TASK INSTRUCTIONS: Lines before the one containing "at x) \<and>" are not wanted. Transcribe that line and all after it exactly, to the end of the entries.

(Items from a data source)

===

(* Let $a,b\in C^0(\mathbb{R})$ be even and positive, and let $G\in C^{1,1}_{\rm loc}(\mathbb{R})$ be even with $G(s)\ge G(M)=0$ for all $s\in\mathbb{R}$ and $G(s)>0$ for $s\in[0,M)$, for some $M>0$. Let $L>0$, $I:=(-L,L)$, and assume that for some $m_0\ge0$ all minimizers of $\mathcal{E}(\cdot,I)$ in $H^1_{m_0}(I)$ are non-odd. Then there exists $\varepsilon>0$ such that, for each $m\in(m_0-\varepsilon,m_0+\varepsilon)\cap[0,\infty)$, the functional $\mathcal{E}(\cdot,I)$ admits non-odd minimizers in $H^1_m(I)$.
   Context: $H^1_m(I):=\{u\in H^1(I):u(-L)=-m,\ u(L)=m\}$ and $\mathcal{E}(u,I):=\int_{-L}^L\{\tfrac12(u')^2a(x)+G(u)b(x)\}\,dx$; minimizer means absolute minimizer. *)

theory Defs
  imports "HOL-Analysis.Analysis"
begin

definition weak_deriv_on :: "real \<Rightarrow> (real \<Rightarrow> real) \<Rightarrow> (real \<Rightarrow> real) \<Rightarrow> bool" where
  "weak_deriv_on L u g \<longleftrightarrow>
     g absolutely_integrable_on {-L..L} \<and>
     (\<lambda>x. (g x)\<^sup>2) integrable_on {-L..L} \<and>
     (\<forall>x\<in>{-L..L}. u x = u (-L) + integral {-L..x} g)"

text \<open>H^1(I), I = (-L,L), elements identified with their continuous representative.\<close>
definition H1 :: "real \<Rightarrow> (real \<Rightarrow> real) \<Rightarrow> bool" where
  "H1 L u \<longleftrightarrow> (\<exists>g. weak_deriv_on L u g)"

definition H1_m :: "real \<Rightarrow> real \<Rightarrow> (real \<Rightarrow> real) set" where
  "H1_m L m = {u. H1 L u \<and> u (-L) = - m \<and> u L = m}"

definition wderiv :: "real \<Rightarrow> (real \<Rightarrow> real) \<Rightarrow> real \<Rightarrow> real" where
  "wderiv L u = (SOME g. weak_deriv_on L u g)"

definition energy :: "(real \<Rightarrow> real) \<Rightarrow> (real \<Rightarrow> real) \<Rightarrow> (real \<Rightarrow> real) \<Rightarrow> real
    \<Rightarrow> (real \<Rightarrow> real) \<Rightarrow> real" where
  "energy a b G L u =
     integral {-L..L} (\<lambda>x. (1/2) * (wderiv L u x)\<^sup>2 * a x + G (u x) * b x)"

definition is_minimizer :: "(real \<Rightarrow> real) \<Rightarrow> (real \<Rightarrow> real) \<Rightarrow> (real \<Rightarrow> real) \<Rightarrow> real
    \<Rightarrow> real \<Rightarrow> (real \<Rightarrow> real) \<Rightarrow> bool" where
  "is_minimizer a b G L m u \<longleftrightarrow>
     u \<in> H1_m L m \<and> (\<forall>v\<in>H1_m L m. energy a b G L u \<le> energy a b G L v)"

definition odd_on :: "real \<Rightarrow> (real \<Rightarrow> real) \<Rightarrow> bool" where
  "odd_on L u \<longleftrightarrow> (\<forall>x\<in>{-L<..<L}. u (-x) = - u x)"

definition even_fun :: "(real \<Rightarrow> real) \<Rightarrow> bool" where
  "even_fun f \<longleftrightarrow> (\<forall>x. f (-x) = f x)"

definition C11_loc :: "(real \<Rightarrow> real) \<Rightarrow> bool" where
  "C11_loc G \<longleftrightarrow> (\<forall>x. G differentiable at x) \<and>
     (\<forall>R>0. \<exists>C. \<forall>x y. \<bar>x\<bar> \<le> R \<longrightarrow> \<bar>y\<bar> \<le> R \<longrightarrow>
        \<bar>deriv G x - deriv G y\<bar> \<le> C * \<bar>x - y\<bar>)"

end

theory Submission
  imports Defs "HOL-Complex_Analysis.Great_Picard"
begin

===

WRITTEN ANSWER:
  "C11_loc G \<longleftrightarrow> (\<forall>x. G differentiable at x) \<and>
     (\<forall>R>0. \<exists>C. \<forall>x y. \<bar>x\<bar> \<le> R \<longrightarrow> \<bar>y\<bar> \<le> R \<longrightarrow>
        \<bar>deriv G x - deriv G y\<bar> \<le> C * \<bar>x - y\<bar>)"

end

theory Submission
  imports Defs "HOL-Complex_Analysis.Great_Picard"
begin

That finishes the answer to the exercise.